To make the N1L repair donor vector more versatile for carrying therapeutic genes, we included a MCS downstream of the H5 promoter. SnaBI, SalI, EcoRV, PmeI, BglII, NheI, and PacI are unique sites in the MCS, which can be used for cloning of any therapeutic genes. The H5 promoter was used to drive RFP and potential transgene expression in the MCS of the vector (Figure 5a). The resulting N1L region repair donor vector is designated as pN1L FRT-RFP.

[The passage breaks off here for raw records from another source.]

section \<open>The states of \<open>\<Omega>\<close>\<close>

definition vinner :: "nat \<Rightarrow> complex vec \<Rightarrow> complex vec \<Rightarrow> complex" where
  "vinner d u v = (\<Sum>a<d. u $ a * cnj (v $ a))"

lemma cnj_vinner: "cnj (vinner d u v) = vinner d v u"
  unfolding vinner_def cnj_sum by (simp add: mult.commute)

lemma mub_vec_index_mult_cnj:
  assumes "j < d" "j' < d" "a < d"
  shows "mub_vec d j k $ a * cnj (mub_vec d j' k' $ a) = complex_of_real (1 / real d) *
          omega_int d ((inv_two d * (int j - int j')) * int a ^ 2 + (int k' - int k) * int a)"
proof -
  have "complex_of_real (1 / sqrt (real d)) * complex_of_real (1 / sqrt (real d)) = complex_of_real (1 / real d)"
    by (simp flip: of_real_mult add: real_sqrt_mult[symmetric])
  moreover have "omega_int d (mub_phase d j k a) * cnj (omega_int d (mub_phase d j' k' a))
      = omega_int d ((inv_two d * (int j - int j')) * int a ^ 2 + (int k' - int k) * int a)"
    unfolding omega_int_diff[symmetric] mub_phase_def by (simp add: algebra_simps)
  ultimately show ?thesis
    unfolding mub_vec_index[OF assms(1,3)] mub_vec_index[OF assms(2,3)] by (simp add: mult_ac)
qed

lemma vinner_mub_vec_same_chirp:
  assumes "prime d" "j < d" "k < d" "k' < d"
  shows "vinner d (mub_vec d j k) (mub_vec d j k') = (if k = k' then 1 else 0)"
proof -
  have d0: "d > 0" using assms by simp
  have "vinner d (mub_vec d j k) (mub_vec d j k')
      = complex_of_real (1 / real d) * (\<Sum>a<d. omega_int d (int a * (int k' - int k)))"
    unfolding vinner_def sum_distrib_left
    by (intro sum.cong refl) (simp add: mub_vec_index_mult_cnj[OF assms(2,2)] mult.commute)
  moreover have "int d dvd (int k' - int k) \<longleftrightarrow> k' = k" using eq_if_dvd_diff_less[OF assms(4,3)] by auto
  ultimately show ?thesis using d0 by (auto simp: sum_omega_int_mult)
qed

lemma norm_vinner_mub_vec_distinct_chirps:
  assumes "prime d" "odd d" "j < d" "j' < d" "j \<noteq> j'"
  shows "(cmod (vinner d (mub_vec d j k) (mub_vec d j' k')))\<^sup>2 = 1 / real d"
proof -
  have d0: "d > 0" using assms by simp
  let ?A = "inv_two d * (int j - int j')"
  have nd: "\<not> int d dvd (2 * ?A)"
  proof
    assume "int d dvd (2 * ?A)"
    moreover have "2 * ?A = int d * (int j - int j') + (int j - int j')"
      unfolding inv_two_odd[OF assms(2)] by (simp add: algebra_simps)
    ultimately have "int d dvd (int j - int j')" by (metis dvd_add_right_iff dvd_triv_left)
    then show False using eq_if_dvd_diff_less[OF assms(3,4)] assms(5) by simp
  qed
  have "vinner d (mub_vec d j k) (mub_vec d j' k')
      = complex_of_real (1 / real d) * (\<Sum>a<d. omega_int d (?A * int a ^ 2 + (int k' - int k) * int a))"
    unfolding vinner_def sum_distrib_left by (intro sum.cong refl) (simp add: mub_vec_index_mult_cnj[OF assms(3,4)])
  then have "(cmod (vinner d (mub_vec d j k) (mub_vec d j' k')))\<^sup>2
      = (1 / real d)\<^sup>2 * (cmod (\<Sum>a<d. omega_int d (?A * int a ^ 2 + (int k' - int k) * int a)))\<^sup>2"
    by (simp add: norm_divide power_divide)
  also have "\<dots> = (1 / real d)\<^sup>2 * real d" unfolding norm_gauss_sum_sq[OF assms(1) nd] ..
  also have "\<dots> = 1 / real d" using d0 by (simp add: power2_eq_square)
  finally show ?thesis .
qed

lemma vinner_mub_vec_computational:
  assumes "k < d" "k' < d"
  shows "vinner d (mub_vec d d k) (mub_vec d d k') = (if k = k' then 1 else 0)"
proof -
  have "vinner d (mub_vec d d k) (mub_vec d d k') = (\<Sum>a<d. if a = k then (if k = k' then 1 else 0) else 0)"
    unfolding vinner_def by (intro sum.cong refl) (auto simp: mub_vec_index_computational)
  then show ?thesis using assms by (simp add: sum.delta)
qed

lemma norm_vinner_mub_vec_computational_chirp:
  assumes "j < d" "k < d" "k' < d"
  shows "(cmod (vinner d (mub_vec d d k) (mub_vec d j k')))\<^sup>2 = 1 / real d"
proof -
  have "vinner d (mub_vec d d k) (mub_vec d j k') = (\<Sum>a<d. if a = k then cnj (mub_vec d j k' $ a) else 0)"
    unfolding vinner_def by (intro sum.cong refl) (auto simp: mub_vec_index_computational)
  also have "\<dots> = cnj (mub_vec d j k' $ k)" using assms by (simp add: sum.delta)
  finally show ?thesis using assms by (simp add: mub_vec_index norm_mult norm_divide power_divide)
qed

RFP is excisable from mutant VACV using Flp recombinase

We previously showed that HR in the N1L region was efficiently achieved using the gRNA vector N1L gRNA2-guided Cas9.[36] N1L gRNA2 and Cas9 were cotransfected into CV-1 cells to facilitate HR using pN1L FRT-RFP (the backbone virus used for HR was vTK-RFPnull). The rate of successful HR in RFP-positive plaques was about 78% (11/14) (Figure 5b), and the resulting mutant VACV was designated vTK-N1L-RFP (Supplementary Table S2). To remove the RFP selection marker from the resulting Flp-deleted VACV, we employed the Flp-FRT system (Figure 5a, Figure 6a). RFP was removed in about 10% of plaques after vN1L-FRT-RFP infection of CV-1 cells expressing Flp recombinase (Figure 6b). The RFP-negative plaques were purified until the RFP-positive plaques were completely diluted out upon a few rounds of infection of CV-1 cells by RFP-negative selection. The deletion of RFP in the final mutant VACV was also confirmed by PCR (Figure 6c). The resulting mutant VACV was designated vTK-N1L-RFPnull (Supplementary Table S2).

Figure 6

The RFP selection marker in modified VACV is excisable by Flp recombinase. (a) Schematics of Flp targeting FRT sites spanning RFP in VACV before and after RFP is removed by Flp. (b) Images of plaques of N1L-LoxP-RFP “in” (lower panel) or “not in” (upper panel) presence of Flp expression. Pure plaques of N1L-FRT-RFP were used to infect CV-1 cells with or without Flp expression. The RFP-negative plaque (indicated with p) was picked up and purified further. (c) RFP gene deletion was verified by PCR in pure mutant VACV obtained from vN1L LoxP-RFP virus after RFP was excised by Flp in CV-1 cells. A46R gene amplification was used as a DNA control. Ctr is the control sample from the N1L-LoxP-RFP virus; FlP is the sample from a pure plaque after RFP was removed by Flp from the N1L-LoxP-RFP virus. RFP, red fluorescent protein; VACV, vaccinia virus.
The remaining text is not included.